Your First Rifle – This is the One
By Geoffrey Norman
PlannedMan

Beer cans and bunnies attacking the front porch at night? Get yourself the top-of-the-line critter-killer, the Ruger 10/22.

Your First Rifle – This is the One

Highlights


With the 10/22, there is also that ineffable thing that some firearms have and many others just don’t. Everything about it just seems to work.

With earlier .22's clearing a jam was a nuisance.  And, possibly, dangerous.

Bill Ruger was not just a business exec whose business was guns, he was, consummately, a gun guy.

“… I really think we have been successful... from a technical point of view, the new 10/22 is one of the best things we have done.”

Nothing against the AR 15 – own one, myself – but if you are new to guns, as many people are these days, you might want to start with something a little less formidable.  Something easy to handle and shoot and for which the ammunition is inexpensive.

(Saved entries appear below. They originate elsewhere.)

text \<open>If the support has at most two edges, all nonzero values are \<open>\<plusminus>1\<close>, and a vertex
  lying on just one support edge has an odd vertex sum.\<close>

lemma three_le_sum_power2_if_even_vertex_sums:
  fixes D :: "'a set \<Rightarrow> int"
  assumes fin: "finite V"
    and even: "\<And>p. p \<in> V \<Longrightarrow> even (sum D (incident (k_subsets V 2) p))"
    and nonzero: "sum D (k_subsets V 2) \<noteq> 0"
  shows "3 \<le> (\<Sum>S\<in>k_subsets V 2. (D S)\<^sup>2)"
proof (rule ccontr)
  let ?L = "k_subsets V 2"
  let ?N = "{S \<in> ?L. D S \<noteq> 0}"
  assume "\<not> 3 \<le> (\<Sum>S\<in>?L. (D S)\<^sup>2)"
  then have small: "(\<Sum>S\<in>?L. (D S)\<^sup>2) \<le> 2" by simp
  have finL: "finite ?L" by (rule finite_k_subsets[OF fin])
  have unit: "D S = 1 \<or> D S = -1" if "S \<in> ?N" for S
  proof -
    have "(D S)\<^sup>2 \<le> 2"
      using that small member_le_sum[of S ?L "\<lambda>S. (D S)\<^sup>2"] finL by auto
    moreover have "D S \<noteq> 0" using that by simp
    ultimately show ?thesis
      by (smt (verit, best) mult_cancel_left1 power2_eq_square power2_le_imp_le power2_minus)
  qed
  have "?N \<noteq> {}"
  proof
    assume "?N = {}"
    then have "sum D ?L = 0" by (intro sum.neutral) blast
    then show False using nonzero by simp
  qed
  moreover have "card ?N \<le> 2"
    using card_support_le_sum_power2[OF finL, where D = D] small by linarith
  moreover have "finite ?N" using finL by simp
  moreover have "card T = 2" if "T \<in> ?N" for T using that by (simp add: k_subsets_def)
  ultimately obtain S p where S: "S \<in> ?N" "p \<in> S" and pendant: "\<And>T. T \<in> ?N \<Longrightarrow> p \<in> T \<Longrightarrow> T = S"
    using obtain_pendant_vertex[of ?N] by blast
  have "sum D (incident ?L p) = sum D {S}"
  proof (rule sum.mono_neutral_right)
    show "finite (incident ?L p)" using finL by (simp add: incident_def)
    show "{S} \<subseteq> incident ?L p" using S by (simp add: incident_def)
    show "\<forall>T\<in>incident ?L p - {S}. D T = 0" using pendant by (auto simp: incident_def)
  qed
  then have "odd (sum D (incident ?L p))" using unit[OF S(1)] by auto
  moreover have "p \<in> V" using S by (auto simp: k_subsets_def)
  ultimately show False using even by blast
qed

lemma sum_lam_incident_pairs:
  assumes "TS V F" "p \<in> V"
  shows "sum (lam F) (incident (k_subsets V 2) p) = 2 * lam F {p}"
proof -
  have fin: "finite V" using assms(1) by (rule TS_finite)
  have "sum (lam F) (incident (k_subsets V 2) p)
      = (\<Sum>i<length F. \<Sum>S\<in>incident (k_subsets V 2) p. if S \<subseteq> F ! i then 1 else 0)"
    unfolding lam_eq_sum by (rule sum.swap)
  also have "\<dots> = (\<Sum>i<length F. 2 * (if {p} \<subseteq> F ! i then 1 else 0))"
  proof (intro sum.cong refl)
    fix i assume "i \<in> {..<length F}"
    then have B: "F ! i \<subseteq> V" "card (F ! i) = 3" "finite (F ! i)"
      using TS_blockD[OF assms(1)] by auto
    have "{S \<in> incident (k_subsets V 2) p. S \<subseteq> F ! i}
        = (if p \<in> F ! i then incident (k_subsets (F ! i) 2) p else {})"
      using B(1) by (auto simp: incident_def k_subsets_def)
    moreover have "finite (incident (k_subsets V 2) p)"
      using finite_k_subsets[OF fin] by (simp add: incident_def)
    ultimately show "(\<Sum>S\<in>incident (k_subsets V 2) p. if S \<subseteq> F ! i then 1 else 0)
        = 2 * (if {p} \<subseteq> F ! i then 1 else 0 :: nat)"
      using card_incident_k_subsets_2[OF B(3)] B(2) by (simp add: sum_indicator_eq_card)
  qed
  also have "\<dots> = 2 * lam F {p}"
    by (simp add: lam_eq_sum sum_distrib_left)
  finally show ?thesis .
qed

That would be the Ruger 10/22 of which some 7 million have been made.

The gun is lightweight.  Depending on the grade it can weigh as little as four-and-a-half pounds.  Since it shoots .22 rimfire ammunition, there is virtually no recoil and it is relatively quiet.

You can practice with your 10/22 all afternoon without blowing a big hole in the credit card.

And you can practice with your 10/22 all afternoon, down at the range or at some remote, place out in the woods, and without blowing a big hole in the credit card.  A 500-round brick of .22 long rifle runs around $55 at Brownell’s.  The same quantity of .223 ammunition for an AR-15 goes for $400.

But that’s just grubby finance. With the 10/22, there is also that other, ineffable thing, that some firearms have while many others don’t.  Call it engineering, though that doesn’t quite get the 10/22’s marriage of form and function and the way everything about it just seems to work.


 

There were other .22 auto-loaders before the advent of the 10/22, in 1964, guns that ejected the spent casing after a shot is fired and automatically chambered another round, freeing the shooter from having to operate a bolt, slide, or lever before he could shoot again.

But before the 10/22, there were no .22 autoloaders that really worked, since there was a jamming problem — a result of earlier .22 semi-automatics using what was called a “box magazine.”  This required stacks of .22 rounds and the bolt would often pick up two rounds – or none – during a firing cycle.  Clearing a jam was a nuisance.  And possibly dangerous.

Then came Bill Ruger, who was to his time what John Moses Browning was to his.  That is to say, he was fascinated by guns and the way they worked and was, therefore, challenged, constantly, to make them better.  But where Browning’s genius was almost exclusively for design – he left the manufacturing to others – Ruger got into building the guns and came up with some revolutionary industrial techniques, the most notable of which was the development of investment casting, a lost-wax process.  He had an instinctive sense of what would appeal to American shooters and he delivered.

In the period after World War II, when Ruger was building his company and his brand, the great American gun companies were run by business people who were more interested in numbers than the nature and appeal of their product.  They didn’t love guns.  When the weekend rolled around, most of them would sooner be out on the golf course than down at the range or out in the woods.

But Bill Ruger was not just a business exec whose business was guns, he was, consummately, a gun guy. He made guns that he liked and he solved problems that intrigued him.  With the 10/22, he solved the jamming problem by designing an ingenious rotary magazine.  The shooter could take his 10/22 – along with several spare mags – out to the range and just shoot and shoot without having to stop and clear a jam.  You got tired before the gun did.

The 10/22 was an instant hit, as Ruger knew it would be. “I hope you are going to be somewhat intrigued by our efforts to make a .22 rifle which avoids all the usual banalities,” he wrote in an understated letter to Outdoor Life’s legendary arms and ammunition editor, Jack O’Conner,  shortly before the gun’s introduction. “I really think we have been successful in this and from a technical point of view, the new 10/22 is one of the best things we have done.”

His gun was more than sufficient to satisfy the tastes of the day with a walnut stock, iron sights and familiar lines — plain vanilla — and over the years Ruger offered buyers new models with synthetic stocks and features that make it possible to mount a scope or, even, on the “tactical” model, a suppressor.  The aftermarket has made it possible to just about build your own 10/22 from scratch. You can configure your 10/22 into a gun that looks exactly like an AR-15. The gun practically begs the owner to become an amateur gunsmith and at the very least, spend a lot of time taking care of it, disassembly and cleaning being easy and almost as much fun as shooting the thing.

Though never a collectible — the price today carries the same dollar value as in 1964 — fifty or so bucks then, around $400 today — the 10/22  has always been a bargain. And, more to the point, in the universe of firearms you won’t find any gun at any price more highly appreciated.